The Hofburg in the Centre of Vienna
During the visit of Vienna, viewing the Hofburg of Vienna as the former seat of government of the Habsburgs is really obligatory. But one should plan some time and have good nerves. Time because the Hofburg consists on several tracts, patios and plazas. The total of 18 tracts and 19 patios are not all released for viewing but each of te museums integrated in the Hofburg are definite a small or a bigger side trip worthwhile.
The most famous should be the Sisi Museum with the Emperor's appartments and the Silver Chamber. By knowing the Sisi movies that are repeated any year for christmas, one is quickly disappointed considering the romantic picture that one got from the Empress. But one gets a realistic view to the political and personal circumstances of the Habsburg times. But one needs good nerves in order to cope with the touristical crowds of people that one always and anywhere comes across to and partly in narrow rooms. As we were there in autumn time during the low season and already had to cope with numerous visitors and we even had to wait sevweral times in the cafés for a free seat,the cirsumstances during the hig season are surely much more extreme.

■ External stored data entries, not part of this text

lemma snd_reflect: "snd (reflect z) = 2 *\<^sub>R cond_mean (a *\<^sub>R fst z + b *\<^sub>R snd z) - snd z"
proof (rule orthonormal_basis_eqI[OF U])
  fix u assume u: "u \<in> U"
  have "interp_var u \<noteq> 0" using interp_var_pos[OF u] by simp
  then show "u \<bullet> snd (reflect z) = u \<bullet> (2 *\<^sub>R cond_mean (a *\<^sub>R fst z + b *\<^sub>R snd z) - snd z)"
    using inner_snd_reflect[OF u, of z]
    by (simp add: cond_mean_def orthonormal_basis_inner_sum[OF U u] shift_def resid_def interp_var_def
        inner_diff_right inner_add_right field_simps power2_eq_square)
qed

lemma fst_reflect:
  assumes "a \<noteq> 0"
  shows "fst (reflect z) = (1 / a) *\<^sub>R (a *\<^sub>R fst z + b *\<^sub>R snd z - b *\<^sub>R snd (reflect z))"
proof -
  have "fst (reflect z) = (1 / a) *\<^sub>R (a *\<^sub>R fst (reflect z))" using assms by simp
  also have "a *\<^sub>R fst (reflect z) = a *\<^sub>R fst z + b *\<^sub>R snd z - b *\<^sub>R snd (reflect z)"
    using interp_reflect[of z] by (simp add: eq_diff_eq)
  finally show ?thesis .
qed

lemma reflect_if_a_0:
  assumes "a = 0"
  shows "reflect z = (2 *\<^sub>R m0 + (- 1) *\<^sub>R fst z, snd z)"
proof -
  have "u \<bullet> fst (reflect z) = u \<bullet> (2 *\<^sub>R m0 + (- 1) *\<^sub>R fst z)" if u: "u \<in> U" for u
  proof -
    have "b * shift u z = 2 * (u \<bullet> (fst z - m0))"
      using ab mu[OF u] assms unfolding shift_def resid_def interp_var_def
      by (simp add: field_simps power2_eq_square)
    then show ?thesis using inner_fst_reflect[OF u, of z] by (simp add: inner_diff_right)
  qed
  then have "fst (reflect z) = 2 *\<^sub>R m0 + (- 1) *\<^sub>R fst z"
    by (rule orthonormal_basis_eqI[OF U])
  moreover have "snd (reflect z) = snd z"
    unfolding reflect_def using assms by simp
  ultimately show ?thesis by (simp add: prod_eq_iff)
qed

lemma reflect_measurable[measurable]: "reflect \<in> (lborel \<Otimes>\<^sub>M lborel) \<rightarrow>\<^sub>M (lborel \<Otimes>\<^sub>M lborel)"
  unfolding reflect_def shift_def resid_def by measurable

text \<open>For a \<noteq> 0, reflect is the composition of the shears (x0, x1) \<mapsto> (a x0 + b x1, x1),
  (y, x1) \<mapsto> (y, 2 cond_mean y - x1) and (y, x1) \<mapsto> ((y - b x1) / a, x1), whose Jacobians
  multiply to 1.\<close>

lemma nn_integral_reflect_shears:
  assumes a: "a \<noteq> 0" and g[measurable]: "g \<in> borel_measurable (lborel \<Otimes>\<^sub>M lborel)"
  shows "(\<integral>\<^sup>+z. g (reflect z) \<partial>(lborel \<Otimes>\<^sub>M lborel)) = (\<integral>\<^sup>+z. g z \<partial>(lborel \<Otimes>\<^sub>M lborel))"
proof -
  define G2 where "G2 z = g ((1 / a) *\<^sub>R (fst z - b *\<^sub>R snd z), snd z)" for z
  define G1 where "G1 z = G2 (fst z, 2 *\<^sub>R cond_mean (fst z) - snd z)" for z
  have cond_mean[measurable]: "cond_mean \<in> borel_measurable borel"
    unfolding cond_mean_def by measurable
  have [measurable]: "G2 \<in> borel_measurable (lborel \<Otimes>\<^sub>M lborel)"
    unfolding G2_def by measurable
  have [measurable]: "G1 \<in> borel_measurable (lborel \<Otimes>\<^sub>M lborel)"
    unfolding G1_def by measurable
  have G1_shear: "g (reflect z) = G1 ((\<lambda>x. b *\<^sub>R x) (snd z) + a *\<^sub>R fst z, snd z)" for z
  proof -
    have "g (reflect z) = g (fst (reflect z), snd (reflect z))" by simp
    then show ?thesis
      unfolding fst_reflect[OF a, of z] snd_reflect[of z] by (simp add: G1_def G2_def add.commute)
  qed
  have G2_shear: "G2 z = g ((\<lambda>x. (- b / a) *\<^sub>R x) (snd z) + (1 / a) *\<^sub>R fst z, snd z)" for z
    by (simp add: G2_def scaleR_diff_right)
  have "(\<integral>\<^sup>+z. g (reflect z) \<partial>(lborel \<Otimes>\<^sub>M lborel))
      = ennreal (1 / \<bar>a\<bar> ^ DIM(real^'n)) * (\<integral>\<^sup>+z. G1 z \<partial>(lborel \<Otimes>\<^sub>M lborel))"
    unfolding G1_shear by (rule nn_integral_pair_lborel_shear_fst[OF a]) simp_all
  also have "(\<integral>\<^sup>+z. G1 z \<partial>(lborel \<Otimes>\<^sub>M lborel)) = (\<integral>\<^sup>+z. G2 z \<partial>(lborel \<Otimes>\<^sub>M lborel))"
    using nn_integral_pair_lborel_shear_snd[of "- 1" G2 "\<lambda>y. 2 *\<^sub>R cond_mean y"] by (simp add: G1_def)
  also have "\<dots> = ennreal (1 / \<bar>1 / a\<bar> ^ DIM(real^'n)) * (\<integral>\<^sup>+z. g z \<partial>(lborel \<Otimes>\<^sub>M lborel))"
    unfolding G2_shear using a by (intro nn_integral_pair_lborel_shear_fst) simp_all
  also have "1 / \<bar>1 / a\<bar> ^ DIM(real^'n) = \<bar>a\<bar> ^ DIM(real^'n)"
    by (simp add: power_one_over)
  finally show ?thesis
    using a by (simp add: mult.assoc[symmetric] flip: ennreal_mult)
qed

Something about the History of the Hofburg
Today, the Hofburg appears as a coherent and interwoven huge building komplex in which as a visitor one first has to get orientated. On the adjacent picture that can be enlarged by a mouse click, each of the wings are clearly visible at a glance. Since the year 1276, the originally rather small Hofburg was continuously expanded around a central point. Thus, those parts of the buildings one approaches from the exterior were originated at a later time. By this way, the Hoburg is clearly recognizable on the picture, the cladding is semicircular shaped and located at the front of the Heldenplatz (Plaza) that is arranged with meadows and the two horsemen monuments.This part was built as the last part between 1891-1913.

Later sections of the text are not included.